__Work order__
Stop after the line containing "using assms unfolding"; retype every line of the data before it exactly, starting from the first.

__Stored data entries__
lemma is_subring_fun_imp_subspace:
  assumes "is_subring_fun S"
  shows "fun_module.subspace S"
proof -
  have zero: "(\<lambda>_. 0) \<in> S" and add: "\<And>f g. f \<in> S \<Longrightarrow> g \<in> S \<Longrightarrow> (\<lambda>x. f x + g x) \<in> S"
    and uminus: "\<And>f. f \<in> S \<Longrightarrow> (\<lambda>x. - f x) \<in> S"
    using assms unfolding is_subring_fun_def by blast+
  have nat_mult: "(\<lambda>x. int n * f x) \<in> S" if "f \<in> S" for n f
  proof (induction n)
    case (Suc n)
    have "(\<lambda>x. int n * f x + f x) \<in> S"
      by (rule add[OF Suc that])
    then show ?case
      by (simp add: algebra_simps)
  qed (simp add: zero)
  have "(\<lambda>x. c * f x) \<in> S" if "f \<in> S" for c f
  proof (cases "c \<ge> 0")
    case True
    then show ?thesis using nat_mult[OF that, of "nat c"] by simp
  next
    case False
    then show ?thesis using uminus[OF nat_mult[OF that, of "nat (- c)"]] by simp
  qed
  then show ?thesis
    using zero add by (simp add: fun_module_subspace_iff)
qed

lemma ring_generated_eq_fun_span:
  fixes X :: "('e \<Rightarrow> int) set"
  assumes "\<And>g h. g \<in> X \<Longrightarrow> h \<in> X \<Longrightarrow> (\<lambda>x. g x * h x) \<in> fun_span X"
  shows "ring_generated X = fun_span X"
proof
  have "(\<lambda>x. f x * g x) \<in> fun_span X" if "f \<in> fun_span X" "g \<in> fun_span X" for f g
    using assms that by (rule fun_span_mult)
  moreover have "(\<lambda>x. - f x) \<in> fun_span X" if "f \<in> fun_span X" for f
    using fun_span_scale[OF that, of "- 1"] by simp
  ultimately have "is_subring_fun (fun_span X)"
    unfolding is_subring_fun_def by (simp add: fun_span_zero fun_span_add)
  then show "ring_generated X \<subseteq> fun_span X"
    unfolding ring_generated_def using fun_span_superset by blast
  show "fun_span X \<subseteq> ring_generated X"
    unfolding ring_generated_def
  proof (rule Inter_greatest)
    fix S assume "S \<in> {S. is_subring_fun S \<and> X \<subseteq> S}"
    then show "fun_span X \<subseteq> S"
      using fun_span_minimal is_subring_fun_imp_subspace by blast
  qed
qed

__Response to the exercise__
lemma is_subring_fun_imp_subspace:
  assumes "is_subring_fun S"
  shows "fun_module.subspace S"
proof -
  have zero: "(\<lambda>_. 0) \<in> S" and add: "\<And>f g. f \<in> S \<Longrightarrow> g \<in> S \<Longrightarrow> (\<lambda>x. f x + g x) \<in> S"
    and uminus: "\<And>f. f \<in> S \<Longrightarrow> (\<lambda>x. - f x) \<in> S"
    using assms unfolding is_subring_fun_def by blast+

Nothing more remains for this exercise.